### Problem to work on
An exact copy of all the entries is what is needed here.

(Input Opens)

theorem lemma2p3:
  fixes p q :: nat and x y z :: "(nat \<Rightarrow> real) set"
  assumes "p \<ge> 1" and "q \<ge> 1" and "p + q \<ge> 3"
    and "x \<in> Ein p q" and "y \<in> Ein p q" and "z \<in> Ein p q"
    and "Mink p q x \<inter> Mink p q z = Mink p q y \<inter> Mink p q z"
  shows "Mink p q x = Mink p q y"
proof -
  obtain a where a: "x = line a" "a \<in> vecs p q" "a \<noteq> (\<lambda>_. 0)" "Bf p q a a = 0"
    using assms(4) by (rule Ein_E)
  obtain b where b: "y = line b" "b \<in> vecs p q" "b \<noteq> (\<lambda>_. 0)" "Bf p q b b = 0"
    using assms(5) by (rule Ein_E)
  obtain c where c: "z = line c" "c \<in> vecs p q" "c \<noteq> (\<lambda>_. 0)" "Bf p q c c = 0"
    using assms(6) by (rule Ein_E)
  have "perps_agree_on_patch p q c a b"
    unfolding perps_agree_on_patch_def
  proof (intro ballI impI)
    fix v assume v: "v \<in> vecs p q" "Bf p q v v = 0" "Bf p q c v \<noteq> 0"
    then have "v \<noteq> (\<lambda>_. 0)" by auto
    note in_patch = line_in_Mink_iff[OF _ _ v(1) this v(2)]
    have "line v \<in> Mink p q z" using in_patch[OF c(2,3)] c(1) v(3) by simp
    then have "line v \<in> Mink p q x \<longleftrightarrow> line v \<in> Mink p q y"
      using assms(7) unfolding set_eq_iff Int_iff by blast
    then show "v \<in> perp p q a \<longleftrightarrow> v \<in> perp p q b"
      using in_patch[OF a(2,3)] in_patch[OF b(2,3)] a(1) b(1) v(1) unfolding perp_def by simp
  qed
  then have "line a = line b"
    by (rule line_eq_if_perps_agree_on_patch[OF assms(1,2) a(2-4) b(2-4) c(2-4)])
  then show ?thesis using a(1) b(1) by simp
qed
lemma orbit_in_domain:
  assumes x: "x \<in> D" and t: "t \<ge> 0"
  shows "T t x \<in> D" and "A (T t x) = T t (A x)"
proof -
  interpret Tt: bounded_linear "T t" using bounded_linear_T t by simp
  have "eventually (\<lambda>h. T t (inverse h *\<^sub>R (T h x - x)) = inverse h *\<^sub>R (T h (T t x) - T t x))
      (at_right 0)"
    using eventually_at_right_less[of 0]
  proof eventually_elim
    case (elim h)
    then have "T h (T t x) = T t (T h x)" using T_T_apply t by (simp add: add.commute)
    then show ?case by (simp add: Tt.diff Tt.scale)
  qed
  then have "((\<lambda>h. inverse h *\<^sub>R (T h (T t x) - T t x)) \<longlongrightarrow> T t (A x)) (at_right 0)"
    using Tt.tendsto[OF generator_tendsto[OF x]] by (rule Lim_transform_eventually[rotated])
  then show "T t x \<in> D" and "A (T t x) = T t (A x)" by (rule generatorI)+
qed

(Input Closes)

### Task solution
theorem lemma2p3:
  fixes p q :: nat and x y z :: "(nat \<Rightarrow> real) set"
  assumes "p \<ge> 1" and "q \<ge> 1" and "p + q \<ge> 3"
    and "x \<in> Ein p q" and "y \<in> Ein p q" and "z \<in> Ein p q"
    and "Mink p q x \<inter> Mink p q z = Mink p q y \<inter> Mink p q z"
  shows "Mink p q x = Mink p q y"
proof -
  obtain a where a: "x = line a" "a \<in> vecs p q" "a \<noteq> (\<lambda>_. 0)" "Bf p q a a = 0"
    using assms(4) by (rule Ein_E)
  obtain b where b: "y = line b" "b \<in> vecs p q" "b \<noteq> (\<lambda>_. 0)" "Bf p q b b = 0"
    using assms(5) by (rule Ein_E)
  obtain c where c: "z = line c" "c \<in> vecs p q" "c \<noteq> (\<lambda>_. 0)" "Bf p q c c = 0"
    using assms(6) by (rule Ein_E)
  have "perps_agree_on_patch p q c a b"
    unfolding perps_agree_on_patch_def
  proof (intro ballI impI)
    fix v assume v: "v \<in> vecs p q" "Bf p q v v = 0" "Bf p q c v \<noteq> 0"
    then have "v \<noteq> (\<lambda>_. 0)" by auto
    note in_patch = line_in_Mink_iff[OF _ _ v(1) this v(2)]
    have "line v \<in> Mink p q z" using in_patch[OF c(2,3)] c(1) v(3) by simp
    then have "line v \<in> Mink p q x \<longleftrightarrow> line v \<in> Mink p q y"
      using assms(7) unfolding set_eq_iff Int_iff by blast
    then show "v \<in> perp p q a \<longleftrightarrow> v \<in> perp p q b"
      using in_patch[OF a(2,3)] in_patch[OF b(2,3)] a(1) b(1) v(1) unfolding perp_def by simp
  qed
  then have "line a = line b"
    by (rule line_eq_if_perps_agree_on_patch[OF assms(1,2) a(2-4) b(2-4) c(2-4)])
  then show ?thesis using a(1) b(1) by simp
qed
lemma orbit_in_domain:
  assumes x: "x \<in> D" and t: "t \<ge> 0"
  shows "T t x \<in> D" and "A (T t x) = T t (A x)"
proof -
  interpret Tt: bounded_linear "T t" using bounded_linear_T t by simp
  have "eventually (\<lambda>h. T t (inverse h *\<^sub>R (T h x - x)) = inverse h *\<^sub>R (T h (T t x) - T t x))
      (at_right 0)"
    using eventually_at_right_less[of 0]
  proof eventually_elim
    case (elim h)
    then have "T h (T t x) = T t (T h x)" using T_T_apply t by (simp add: add.commute)
    then show ?case by (simp add: Tt.diff Tt.scale)
  qed
  then have "((\<lambda>h. inverse h *\<^sub>R (T h (T t x) - T t x)) \<longlongrightarrow> T t (A x)) (at_right 0)"
    using Tt.tendsto[OF generator_tendsto[OF x]] by (rule Lim_transform_eventually[rotated])
  then show "T t x \<in> D" and "A (T t x) = T t (A x)" by (rule generatorI)+
qed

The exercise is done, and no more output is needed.